FILE - Afghan refugees living in Pakistan wait to get their documents to travel back to Afghanistan, at the UNHCR's Repatriation Center, in Peshawar, Pakistan, Sept. 7, 2016.
FILE - Afghan refugees living in Pakistan wait to get their documents to travel back to Afghanistan, at the UNHCR's Repatriation Center, in Peshawar, Pakistan, Sept. 7, 2016.

Pakistan has extended for one month the stay of about 1.4 million Afghan refugees who lost their legal residency status on Dec. 31, 2017.

Under a trilateral agreement with Afghanistan and the U.N. High Commissioner for Refugees (UNHCR), the host government was considering a proposed one-year extension in the validity of the Proof of Registration (PoR) cards for the refugees.

Prime Minister Shahid Khaqan Abbasi on Wednesday chaired a meeting in Islamabad of the federal Cabinet, which debated the proposal.

"After detailed discussion, the [federal] Cabinet agreed to grant only 30 days' extension for PoR and also decided that the issue of early repatriation of Afghan refugees shall be raised with UNHCR and with the international community," said a statement issued after the meeting.

The Cabinet emphasized that Pakistan's economy has long carried the burden of hosting Afghan refugees and under the current circumstances cannot sustain it further.

Pakistan hosts about 2.7 million registered and undocumented Afghan refugees who have fled decades of conflict in Afghanistan.

Pakistani authorities lately have alleged that militants conducting terrorist attacks on both sides of the border are using refugee localities as hideouts.
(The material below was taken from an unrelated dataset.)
(* Let $R,r>0$, $\Omega=B_R\cup B_{-r}$, $q_1=\frac1{2r}+\frac1{2R}$, and let $\varphi\in L^2_0(\partial\Omega)$. Then $$PU(\mathcal{K}^*_{\partial\Omega}[\varphi])(k)=\frac12e^{-|k|q_1}\begin{bmatrix}1&0\\0&-1\end{bmatrix}P\,(U\varphi)(k)\quad\text{for a.e. }k\in\mathbb{R}.$$
   Context: Identify $\mathbb{R}^2$ with $\mathbb{C}$ and let $\Psi(z)=1/z$. For $a\in\mathbb{R}\setminus\{0\}$, $B_a$ is the open disk of radius $|a|$ centered at $(a,0)$; $\partial\Omega=\partial B_R\cup\partial B_{-r}$. $\Psi$ maps $\partial B_R\setminus\{0\}$ onto $\{x=\frac1{2R}\}$ and $\partial B_{-r}\setminus\{0\}$ onto $\{x=-\frac1{2r}\}$. For $a>0$ let $h_a(y)=1/((2a)^{-2}+y^2)$. For $\varphi$ on $\partial\Omega$ put $\varphi_R(t)=\varphi(\Psi(\frac1{2R},t))$, $\varphi_{-r}(t)=\varphi(\Psi(-\frac1{2r},t))$; arclength is $d\sigma=h_R\,dt$ on $\partial B_R$ and $h_r\,dt$ on $\partial B_{-r}$. $L^2_0(\partial\Omega)=\{\varphi\in L^2(\partial\Omega,d\sigma):\int_{\partial\Omega}\varphi\,d\sigma=0\}$. $\mathcal{F}(g)(k)=\frac1{\sqrt{2\pi}}\int g(y)e^{-iky}dy$; $U\varphi=(\mathcal{F}(h_R\varphi_R),\mathcal{F}(h_r\varphi_{-r}))^T$; $P=\frac1{\sqrt2}\begin{bmatrix}-1&1\\1&1\end{bmatrix}$. With $\nu$ the outward normal of $\Omega$, the Neumann–Poincaré operator is given for $\varphi\in L^2(\partial\Omega)$ by $$\mathcal{K}^*_{\partial\Omega}[\varphi](\Psi(\tfrac1{2R},y))=\frac1{4\pi R}\int_{\partial\Omega}\varphi\,d\sigma-\frac1{2\pi h_R(y)}\int_{\mathbb{R}}\frac{q_1}{q_1^2+(y-t)^2}\varphi_{-r}(t)h_r(t)\,dt,$$ $$\mathcal{K}^*_{\partial\Omega}[\varphi](\Psi(-\tfrac1{2r},y))=\frac1{4\pi r}\int_{\partial\Omega}\varphi\,d\sigma-\frac1{2\pi h_r(y)}\int_{\mathbb{R}}\frac{q_1}{q_1^2+(y-t)^2}\varphi_R(t)h_R(t)\,dt.$$ *)

theory Defs
  imports "HOL-Analysis.Analysis"
begin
Islamabad has also pressed the U.S.-led Western partners of the Afghan government to arrange for an early repatriation of the refugees.

Analysts speculated Wednesday's move might have stemmed from Islamabad's diplomatic tensions with Washington, fueled by a New Year's Day tweet from U.S. President Donald Trump.

Trump tweeted that Pakistan has received more than $33 billion in U.S. aid in the last 15 years but continues to harbor terrorists fighting American forces in Afghanistan.

Islamabad denied the charges and called them an attempt to scapegoat it for what it called the "failure" of the U.S. military mission in Afghanistan.